Hepatitis B virus (HBV) affect 296 million people worldwide. HBV is an unusual DNA virus. HBV produces the pregenomic RNA that is retro-transcribed into genomic DNA. We have experimentally characterised the spliced pregenomic RNAs of HBV and shown that these spliced RNAs are specific to the different genotypes of HBV (Lim et al., 2021). We also identify similar genotype-specific expression profiles in human liver and infected primary cells (501 public RNA-seq libraries), suggesting the viral spliced RNAs could be functionally important.

How does the exon-intron gene structure emerge?

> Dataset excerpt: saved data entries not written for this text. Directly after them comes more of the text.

(* Let $N$ be a finitely generated, semipositive binoid, $T$ an $N$-set generated by $r$ elements, and $\mathfrak n$ an $N_+$-primary ideal of $N$. Let $n_1,\dots,n_s\in N_+$ be such that every element of $N$ is either a unit or of the form $u+a_1n_1+\cdots+a_sn_s$ with $u\in N^\times$, $a_j\in\mathbb N$. Then there is a constant $D$, independent of $q$, such that for every $q\in\mathbb N_+$ the pointed set $T/([q]\mathfrak n+T)$ is finite and $$\#\,T/([q]\mathfrak n+T)\le r|N^\times|+Dq^s.$$
   Context: A binoid $(N,+,0,\infty)$ is a commutative monoid $(N,+,0)$ with an element $\infty$ satisfying $a+\infty=\infty$ for all $a\in N$. Write $N^\times$ for the group of units of $N$ and $N_+=N\setminus N^\times$. $N$ is finitely generated if it is finitely generated as a monoid; semipositive if $N\neq\{\infty\}$ and $N^\times$ is finite. An ideal of $N$ is a nonempty subset $I\subseteq N$ with $I+N\subseteq I$ (so $\infty\in I$). For an ideal $I$ and $q\in\mathbb N_+$, $[q]I$ denotes the ideal generated by $\{qa: a\in I\}$. An ideal $\mathfrak n$ is $N_+$-primary if $\mathfrak n\subseteq N_+$ and for every $a\in N_+$ there is $k\ge1$ with $ka\in\mathfrak n$. An $N$-set is a pointed set $(S,p)$ with a map $N\times S\to S$, $(n,s)\mapsto n+s$, such that $(n+m)+s=n+(m+s)$, $0+s=s$, $\infty+s=p$ and $n+p=p$. It is generated by $s_1,\dots,s_r\in S$ if $S=\bigcup_j (N+s_j)$. For an ideal $J$ and an $N$-set $T$, $J+T=\{a+t:a\in J,t\in T\}$ is an $N$-subset; for an $N$-subset $S\subseteq T$, the quotient $T/S$ is the $N$-set $(T\setminus S)\cup\{p\}$. For a finite pointed set $S$ we write $\#S=|S|-1$. *)

theory Defs
  imports Complex_Main
begin

definition binoid :: "'a set \<Rightarrow> ('a \<Rightarrow> 'a \<Rightarrow> 'a) \<Rightarrow> 'a \<Rightarrow> 'a \<Rightarrow> bool" where
  "binoid N add z om \<longleftrightarrow> z \<in> N \<and> om \<in> N \<and> (\<forall>a\<in>N. \<forall>b\<in>N. add a b \<in> N)
     \<and> (\<forall>a\<in>N. \<forall>b\<in>N. \<forall>c\<in>N. add (add a b) c = add a (add b c))
     \<and> (\<forall>a\<in>N. \<forall>b\<in>N. add a b = add b a)
     \<and> (\<forall>a\<in>N. add a z = a)
     \<and> (\<forall>a\<in>N. add a om = om)"

definition bunits :: "'a set \<Rightarrow> ('a \<Rightarrow> 'a \<Rightarrow> 'a) \<Rightarrow> 'a \<Rightarrow> 'a set" where
  "bunits N add z = {a \<in> N. \<exists>b\<in>N. add a b = z}"

definition bpos :: "'a set \<Rightarrow> ('a \<Rightarrow> 'a \<Rightarrow> 'a) \<Rightarrow> 'a \<Rightarrow> 'a set" where
  "bpos N add z = N - bunits N add z"

inductive_set mon_gen :: "('a \<Rightarrow> 'a \<Rightarrow> 'a) \<Rightarrow> 'a \<Rightarrow> 'a set \<Rightarrow> 'a set"
  for add z G where
  zero: "z \<in> mon_gen add z G"
| gen: "g \<in> G \<Longrightarrow> g \<in> mon_gen add z G"
| add: "a \<in> mon_gen add z G \<Longrightarrow> b \<in> mon_gen add z G \<Longrightarrow> add a b \<in> mon_gen add z G"

definition fin_gen_binoid :: "'a set \<Rightarrow> ('a \<Rightarrow> 'a \<Rightarrow> 'a) \<Rightarrow> 'a \<Rightarrow> bool" where
  "fin_gen_binoid N add z \<longleftrightarrow> (\<exists>G. finite G \<and> G \<subseteq> N \<and> N = mon_gen add z G)"

definition semipositive :: "'a set \<Rightarrow> ('a \<Rightarrow> 'a \<Rightarrow> 'a) \<Rightarrow> 'a \<Rightarrow> 'a \<Rightarrow> bool" where
  "semipositive N add z om \<longleftrightarrow> N \<noteq> {om} \<and> finite (bunits N add z)"

definition nmul :: "('a \<Rightarrow> 'a \<Rightarrow> 'a) \<Rightarrow> 'a \<Rightarrow> nat \<Rightarrow> 'a \<Rightarrow> 'a" where
  "nmul add z k a = ((add a) ^^ k) z"

fun bsum :: "('a \<Rightarrow> 'a \<Rightarrow> 'a) \<Rightarrow> 'a \<Rightarrow> (nat \<Rightarrow> 'a) \<Rightarrow> nat \<Rightarrow> 'a" where
  "bsum add z f 0 = z"
| "bsum add z f (Suc k) = add (bsum add z f k) (f k)"

definition bideal :: "'a set \<Rightarrow> ('a \<Rightarrow> 'a \<Rightarrow> 'a) \<Rightarrow> 'a set \<Rightarrow> bool" where
  "bideal N add I \<longleftrightarrow> I \<noteq> {} \<and> I \<subseteq> N \<and> (\<forall>a\<in>I. \<forall>n\<in>N. add a n \<in> I)"

definition ideal_gen :: "'a set \<Rightarrow> ('a \<Rightarrow> 'a \<Rightarrow> 'a) \<Rightarrow> 'a set \<Rightarrow> 'a set" where
  "ideal_gen N add S = {add s n | s n. s \<in> S \<and> n \<in> N}"

text \<open>[q]I: the ideal generated by {q a : a in I}.\<close>
definition qideal :: "'a set \<Rightarrow> ('a \<Rightarrow> 'a \<Rightarrow> 'a) \<Rightarrow> 'a \<Rightarrow> nat \<Rightarrow> 'a set \<Rightarrow> 'a set" where
  "qideal N add z q I = ideal_gen N add ((nmul add z q) ` I)"

definition primary_ideal :: "'a set \<Rightarrow> ('a \<Rightarrow> 'a \<Rightarrow> 'a) \<Rightarrow> 'a \<Rightarrow> 'a set \<Rightarrow> bool" where
  "primary_ideal N add z I \<longleftrightarrow> bideal N add I \<and> I \<subseteq> bpos N add z
     \<and> (\<forall>a\<in>bpos N add z. \<exists>k\<ge>1. nmul add z k a \<in> I)"

definition nset :: "'a set \<Rightarrow> ('a \<Rightarrow> 'a \<Rightarrow> 'a) \<Rightarrow> 'a \<Rightarrow> 'a \<Rightarrow> 'b set \<Rightarrow> 'b \<Rightarrow> ('a \<Rightarrow> 'b \<Rightarrow> 'b) \<Rightarrow> bool" where
  "nset N add z om S p act \<longleftrightarrow> p \<in> S \<and> (\<forall>n\<in>N. \<forall>s\<in>S. act n s \<in> S)
     \<and> (\<forall>n\<in>N. \<forall>m\<in>N. \<forall>s\<in>S. act (add n m) s = act n (act m s))
     \<and> (\<forall>s\<in>S. act z s = s) \<and> (\<forall>s\<in>S. act om s = p) \<and> (\<forall>n\<in>N. act n p = p)"

definition nset_generated_by :: "'a set \<Rightarrow> 'b set \<Rightarrow> ('a \<Rightarrow> 'b \<Rightarrow> 'b) \<Rightarrow> (nat \<Rightarrow> 'b) \<Rightarrow> nat \<Rightarrow> bool" where
  "nset_generated_by N S act g r \<longleftrightarrow> (\<forall>j<r. g j \<in> S) \<and> S = (\<Union>j<r. (\<lambda>n. act n (g j)) ` N)"

definition ideal_act :: "('a \<Rightarrow> 'b \<Rightarrow> 'b) \<Rightarrow> 'a set \<Rightarrow> 'b set \<Rightarrow> 'b set" where
  "ideal_act act J T = {act a t | a t. a \<in> J \<and> t \<in> T}"

definition nset_quot :: "'b set \<Rightarrow> 'b \<Rightarrow> 'b set \<Rightarrow> 'b set" where
  "nset_quot T p S = (T - S) \<union> {p}"

end

theory Submission
  imports Defs "HOL-Library.FuncSet"
begin

text \<open>Choose \<open>k\<^sub>j\<close> with \<open>k\<^sub>j n\<^sub>j \<in> \<frak>n\<close> and let \<open>K = \<Sum> k\<^sub>j\<close>. If some exponent of
  \<open>x = u + \<Sum> a\<^sub>j n\<^sub>j\<close> satisfies \<open>a\<^sub>j \<ge> qK\<close>, then \<open>x\<close> contains the summand \<open>q(k\<^sub>j n\<^sub>j) \<in> [q]\<frak>n\<close>,
  so \<open>x \<in> [q]\<frak>n\<close>. Hence every element outside \<open>[q]\<frak>n\<close> is a unit or one of at most
  \<open>|N\<^sup>\<times>| (qK)\<^sup>s\<close> such sums with all exponents below \<open>qK\<close>. Each element of \<open>T/([q]\<frak>n + T)\<close> other
  than the base point is \<open>x + t\<^sub>j\<close> with \<open>x \<notin> [q]\<frak>n\<close> and \<open>t\<^sub>j\<close> one of the \<open>r\<close> generators.\<close>

lemma binoid_closed: "binoid N add z om \<Longrightarrow> a \<in> N \<Longrightarrow> b \<in> N \<Longrightarrow> add a b \<in> N"
  by (simp add: binoid_def)

lemma binoid_assoc:
  "binoid N add z om \<Longrightarrow> a \<in> N \<Longrightarrow> b \<in> N \<Longrightarrow> c \<in> N \<Longrightarrow> add (add a b) c = add a (add b c)"
  unfolding binoid_def by blast

lemma binoid_commute: "binoid N add z om \<Longrightarrow> a \<in> N \<Longrightarrow> b \<in> N \<Longrightarrow> add a b = add b a"
  unfolding binoid_def by blast

lemma binoid_zero_left:
  assumes "binoid N add z om" "a \<in> N"
  shows "add z a = a"
proof -
  have "z \<in> N" using assms(1) by (simp add: binoid_def)
  then have "add z a = add a z" using binoid_commute[OF assms(1) _ assms(2)] by blast
  also have "\<dots> = a" using assms by (simp add: binoid_def)
  finally show ?thesis .
qed

lemma binoid_left_commute:
  assumes "binoid N add z om" "x \<in> N" "c \<in> N" "y \<in> N"
  shows "add x (add c y) = add c (add x y)"
proof -
  have "add x (add c y) = add (add x c) y" using binoid_assoc[OF assms] by simp
  also have "\<dots> = add (add c x) y" using binoid_commute[OF assms(1,2,3)] by simp
  also have "\<dots> = add c (add x y)" using binoid_assoc[OF assms(1,3,2,4)] .
  finally show ?thesis .
qed

lemma nmul_0 [simp]: "nmul add z 0 a = z"
  by (simp add: nmul_def)

lemma nmul_Suc [simp]: "nmul add z (Suc k) a = add a (nmul add z k a)"
  by (simp add: nmul_def)

lemma nmul_closed:
  assumes "binoid N add z om" "a \<in> N"
  shows "nmul add z k a \<in> N"
  using assms by (induction k) (auto simp: binoid_def)
text \<open>
  The weights \<open>\<phi>\<close> are propagated by the column-stochastic matrices \<open>A\<^sup>k\<close>, so they always sum to
  \<open>I\<close>; by B-strong connectivity the mass of a node holding at least the average 1 reaches every
  node within \<open>T = (I - 1) B\<close> steps, losing at most a factor \<open>\<kappa>\<^sup>T\<close>. This bounds \<open>\<phi>\<close> below by
  \<open>\<kappa>\<^sup>T\<close>, hence above by \<open>I - \<kappa>\<^sup>T\<close>, and makes the normalised weights \<open>a\<^sub>i\<^sub>j \<phi>\<^sub>j / \<phi>\<^sub>i\<close>
  row-stochastic with all network entries at least \<open>w = \<kappa>\<^sup>T\<^sup>+\<^sup>1 / I\<close>. Over any window of \<open>T\<close>
  steps such averaging shrinks the spread of a vector sequence by the factor \<open>1 - 2 w\<^sup>T\<close>, up to
  twice the accumulated perturbations.

  For SONATA the perturbation of \<open>x\<close> is \<open>\<gamma>\<^sup>k\<close> times the distance to the best responses, and
  strong convexity of the surrogates bounds that distance linearly in \<open>\<parallel>I y\<^sub>i\<parallel> + L\<^sub>G\<close>; gradient
  tracking (\<open>\<Sum> \<phi>\<^sub>i y\<^sub>i = \<Sum> \<nabla>f\<^sub>i(x\<^sub>i)\<close>) and (A1) bound \<open>y\<close> linearly in the spread. The
  perturbation of \<open>y\<close> is a Lipschitz multiple of the step of \<open>x\<close>. Rescaling \<open>y\<close> so that its
  feedback is absorbed by the contraction, and waiting until \<open>\<gamma>\<^sup>k\<close> is small, the joint spread of
  \<open>(x, y)\<close> is preserved from one window to the next, hence bounded; (b) and (c) follow.
\<close>

section \<open>Convex analysis\<close>

lemma convex_on_has_subgradient:
  fixes G :: "'a::euclidean_space \<Rightarrow> real"
  assumes cG: "convex_on U G" and oU: "open U" and xU: "x \<in> U"
  shows "\<exists>\<xi>. \<xi> \<in> subdiff U G x"
proof -
  let ?E = "epigraph U G"
  have inE: "(x, G x) \<in> ?E" using xU by (simp add: mem_epigraph)
  have notin: "(x, G x) \<notin> rel_interior ?E"
  proof
    assume "(x, G x) \<in> rel_interior ?E"
    then obtain e where e: "e > 0" "cball (x, G x) e \<inter> affine hull ?E \<subseteq> ?E"
      unfolding rel_interior_cball by blast
    have above: "(x, G x + 1) \<in> ?E" using xU by (simp add: mem_epigraph)
    have "(1 + e) *\<^sub>R (x, G x) + (- e) *\<^sub>R (x, G x + 1) \<in> affine hull ?E"
      by (rule mem_affine[OF affine_affine_hull hull_inc[OF inE] hull_inc[OF above]]) simp
    moreover have "(1 + e) *\<^sub>R (x, G x) + (- e) *\<^sub>R (x, G x + 1) = (x, G x - e)"
      by (simp add: algebra_simps)
    moreover have "(x, G x - e) \<in> cball (x, G x) e"
      using e(1) by (simp add: dist_Pair_Pair)
    ultimately have "(x, G x - e) \<in> ?E" using e(2) by auto
    then show False using e(1) by (simp add: mem_epigraph)
  qed
  obtain n where n: "n \<noteq> 0" "\<And>q. q \<in> ?E \<Longrightarrow> n \<bullet> (x, G x) \<le> n \<bullet> q"
    by (rule supporting_hyperplane_rel_boundary[OF convex_epigraphI[OF cG] inE notin]) auto
  obtain n1 n0 where n10: "n = (n1, n0)" by fastforce
  have supp: "n1 \<bullet> x + n0 * G x \<le> n1 \<bullet> z + n0 * r" if "z \<in> U" "G z \<le> r" for z r
    using n(2)[of "(z, r)"] that n10 by (simp add: mem_epigraph)
  have "n0 \<ge> 0" using supp[OF xU, of "G x + 1"] by (simp add: algebra_simps)
  moreover have "n0 \<noteq> 0"
  proof
    assume n00: "n0 = 0"
    hence n1: "n1 \<noteq> 0" using n(1) n10 by (auto simp: zero_prod_def)
    obtain t where t: "t > 0" "cball x t \<subseteq> U" using oU xU open_contains_cball by blast
    define z where "z = x - (t / norm n1) *\<^sub>R n1"
    have "z \<in> U" using t n1 by (auto simp: z_def dist_norm)
    hence "n1 \<bullet> x \<le> n1 \<bullet> z" using supp[of z "G z"] n00 by simp
    also have "n1 \<bullet> z = n1 \<bullet> x - t * norm n1"
      using n1 by (simp add: z_def inner_diff_right power2_norm_eq_inner[symmetric] power2_eq_square)
    finally show False using t n1 by (simp add: mult_le_0_iff)
  qed
  ultimately have n0_pos: "n0 > 0" by simp
  have "G z \<ge> G x + (- (1 / n0) *\<^sub>R n1) \<bullet> (z - x)" if z: "z \<in> U" for z
  proof -
    have "n0 * G x + n1 \<bullet> (x - z) \<le> n0 * G z" using supp[OF z order_refl] by (simp add: inner_diff_right)
    hence "G x + (1 / n0) * (n1 \<bullet> (x - z)) \<le> G z" using n0_pos by (simp add: field_simps)
    thus ?thesis by (simp add: inner_diff_right inner_diff_left algebra_simps)
  qed
  then show ?thesis unfolding subdiff_def by blast
qed
(* Let $X\subset\mathbb{R}$ with the Euclidean metric, and let $(X,T_1,\mu_1)$ and $(X,T_2,\mu_2)$ be two probability preserving systems which are both exponentially mixing for $BV$ against $L^\infty$. Let $(r_n)_n$ be a decreasing sequence of positive numbers and suppose that for some $\varepsilon>0$ there is a constant $c_0>0$ such that for all $n$ sufficiently large \[ \int \mu_1(B(y,r_n))\,d\mu_2(y) \ge c_0\,\frac{(\log n)^3(\log\log n)^{1+\varepsilon}}{n^2}, \] and there is a constant $c_1>0$ such that for all $n$ sufficiently large and $i=1,2$, \[ \frac{\bigl(\int \mu_i(B(y,r_n))\,d\mu_i(y)\bigr)^{1/2}}{\int \mu_1(B(y,r_n))\,d\mu_2(y)} \le c_1\,\frac{n}{(\log n)^2(\log\log n)^{1+\varepsilon}}. \] Then $(\mu_1\times\mu_2)\bigl(\liminf_n E_{n,r_n}^{T_1,T_2}\bigr)=1$.
   Context: A measure preserving system $(X,T,\mu)$ with $X\subset\mathbb{R}$ is exponentially mixing for $BV$ against $L^\infty$ if there are $C,\theta>0$ such that for all $\psi$ of bounded variation and all $\varphi\in L^\infty(\mu)$ and all $n\ge 0$, $\bigl|\int\psi\cdot\varphi\circ T^n\,d\mu-\int\psi\,d\mu\int\varphi\,d\mu\bigr|\le C\|\psi\|_{BV}\|\varphi\|_{L^\infty}e^{-\theta n}$. For $n\in\mathbb{N}$ and $r>0$, $E_{n,r}^{T_1,T_2}:=\{(x,y)\in X\times X : |T_1^i x- T_2^j y|<r \text{ for some } 0\le i,j<n\}$; $E_{n,r_n}^{T_1,T_2}$ denotes this set with $r=r_n$. $B(y,r)$ is the open ball of radius $r$ about $y$. *)

theory Defs
  imports "HOL-Probability.Probability"
begin
(* Let $g$ be a Riemannian metric on $\mathbb{R}^D$ written as $g_x(u,u)=u^{\top}H(x)u$, such that there exists $c_2>0$ with $g_x(u,u)\le c_2\|u\|_2^2$ for all $x,u$, and $\|H(x)-H(y)\|_{\mathcal{B}}\le L_H\|x-y\|_2$ for all $x,y$. Let $K_1,K_2>0$ and let $\mathcal{C}\subset\mathcal{C}_{K_1,K_2}$. Then for every $N\ge1$, $$\inf_{\gamma\in\mathcal{C}}\mathcal{E}^g_{\mathrm{tra},N}(\gamma)\le\inf_{\gamma\in\mathcal{C}}\mathcal{E}^g(\gamma)+C(K_1,K_2,N),\qquad C(K_1,K_2,N):=\frac{L_H(K_1^3+K_1^2K_2)}{N}+\frac{4c_2K_1K_2}{N}+\frac{4c_2K_2^2}{N^2}.$$
   Context: $\|\cdot\|_2$ is the Euclidean norm, $\|\cdot\|_{\mathcal{B}}$ the operator norm, $\|f\|_{L^2([0,1])}^2=\int_0^1\|f\|_2^2dt$. $\mathcal{C}_{K_1,K_2}$ is the set of continuous piecewise $C^1$ curves $\gamma:[0,1]\to\mathbb{R}^D$ with $\|\dot\gamma\|_{L^2([0,1])}\le K_1$ and $\|\ddot\gamma\|_{L^2([0,1])}\le K_2$. $\mathcal{E}^g(\gamma)=\int_0^1 g_{\gamma(t)}(\dot\gamma,\dot\gamma)dt$. With $t_n=n/N$, $h=1/N$, $\beta(t_n)=(\gamma(t_{n+1})-\gamma(t_n))/h$, $\mathcal{E}^g_{\mathrm{tra},N}(\gamma)=\frac1N\sum_{n=0}^{N-1}g_{(\gamma(t_n)+\gamma(t_{n+1}))/2}(\beta(t_n),\beta(t_n))$. *)

theory Defs
  imports "HOL-Analysis.Analysis"
begin

definition metric_g :: "(real^'n \<Rightarrow> real^'n^'n) \<Rightarrow> real^'n \<Rightarrow> real^'n \<Rightarrow> real^'n \<Rightarrow> real" where
  "metric_g H x u v = u \<bullet> (H x *v v)"

definition riemannian_matrix_field :: "(real^'n \<Rightarrow> real^'n^'n) \<Rightarrow> bool" where
  "riemannian_matrix_field H \<longleftrightarrow>
     (\<forall>x. transpose (H x) = H x \<and> (\<forall>u. u \<noteq> 0 \<longrightarrow> u \<bullet> (H x *v u) > 0))"

definition curve_class :: "real \<Rightarrow> real \<Rightarrow> (real \<Rightarrow> real^'n) set" where
  "curve_class K1 K2 = {\<gamma>. \<exists>\<gamma>' \<gamma>'' S.
      finite S \<and>
      continuous_on {0..1} \<gamma> \<and>
      (\<forall>t\<in>{0..1}. (\<gamma> has_vector_derivative \<gamma>' t) (at t within {0..1})) \<and>
      continuous_on {0..1} \<gamma>' \<and>
      (\<forall>t\<in>{0..1} - S. (\<gamma>' has_vector_derivative \<gamma>'' t) (at t within {0..1})) \<and>
      (\<lambda>t. (norm (\<gamma>' t))\<^sup>2) integrable_on {0..1} \<and>
      (\<lambda>t. (norm (\<gamma>'' t))\<^sup>2) integrable_on {0..1} \<and>
      sqrt (integral {0..1} (\<lambda>t. (norm (\<gamma>' t))\<^sup>2)) \<le> K1 \<and>
      sqrt (integral {0..1} (\<lambda>t. (norm (\<gamma>'' t))\<^sup>2)) \<le> K2}"

definition energy :: "(real^'n \<Rightarrow> real^'n^'n) \<Rightarrow> (real \<Rightarrow> real^'n) \<Rightarrow> real" where
  "energy H \<gamma> = integral {0..1} (\<lambda>t.
      let v = vector_derivative \<gamma> (at t within {0..1}) in metric_g H (\<gamma> t) v v)"

definition energy_tra :: "(real^'n \<Rightarrow> real^'n^'n) \<Rightarrow> nat \<Rightarrow> (real \<Rightarrow> real^'n) \<Rightarrow> real" where
  "energy_tra H N \<gamma> = (1 / real N) * (\<Sum>n<N.
      let tn = real n / real N; tn1 = real (Suc n) / real N;
          \<beta> = (1 / (1 / real N)) *\<^sub>R (\<gamma> tn1 - \<gamma> tn);
          m = (1/2) *\<^sub>R (\<gamma> tn + \<gamma> tn1)
      in metric_g H m \<beta> \<beta>)"

end

theory Submission
  imports Defs
begin

(* Freeze the metric on each cell [t_n, t_(n+1)] at the midpoint m_n of the chord. For the
   constant positive semidefinite form A = H(m_n), Jensen's inequality gives
   h beta^T A beta <= int gamma'^T A gamma' over the cell. Replacing A by H(gamma(t)) costs at most
   L_H |m_n - gamma(t)| |gamma'(t)|^2 <= L_H (h/2) M |gamma'(t)|^2, where M = sup |gamma'| <= K1 + K2:
   the minimum of |gamma'| is at most its L^2 norm, and its oscillation at most the L^1, hence the
   L^2, norm of gamma''. Summing over the cells gives
   E_tra,N(gamma) <= E(gamma) + L_H (K1 + K2) K1^2 / (2N) for every gamma in C_{K1,K2}. This is
   below the stated constant. *)

lemma riemannian_matrix_field_nonneg:
  "riemannian_matrix_field H \<Longrightarrow> 0 \<le> u \<bullet> (H x *v u)"
  unfolding riemannian_matrix_field_def by (cases "u = 0") (auto intro: less_imp_le)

We have reconstructed the evolutionary history of intron presence/absence in fungi and found a general bias towards intron loss over intron gain (Lim et al., 2021). We estimate that all modern species have experienced a net reduction in intron number from an initially highly intron-rich fungal ancestor (>8 introns per kilobase, more than modern humans). Interestingly, we find that these intron gain and loss events have given rise to exons that are 6-fold larger than average exons. Some introns are well conserved across species and even harbour functional noncoding RNAs.

How to enhance gene expression and protein solubility?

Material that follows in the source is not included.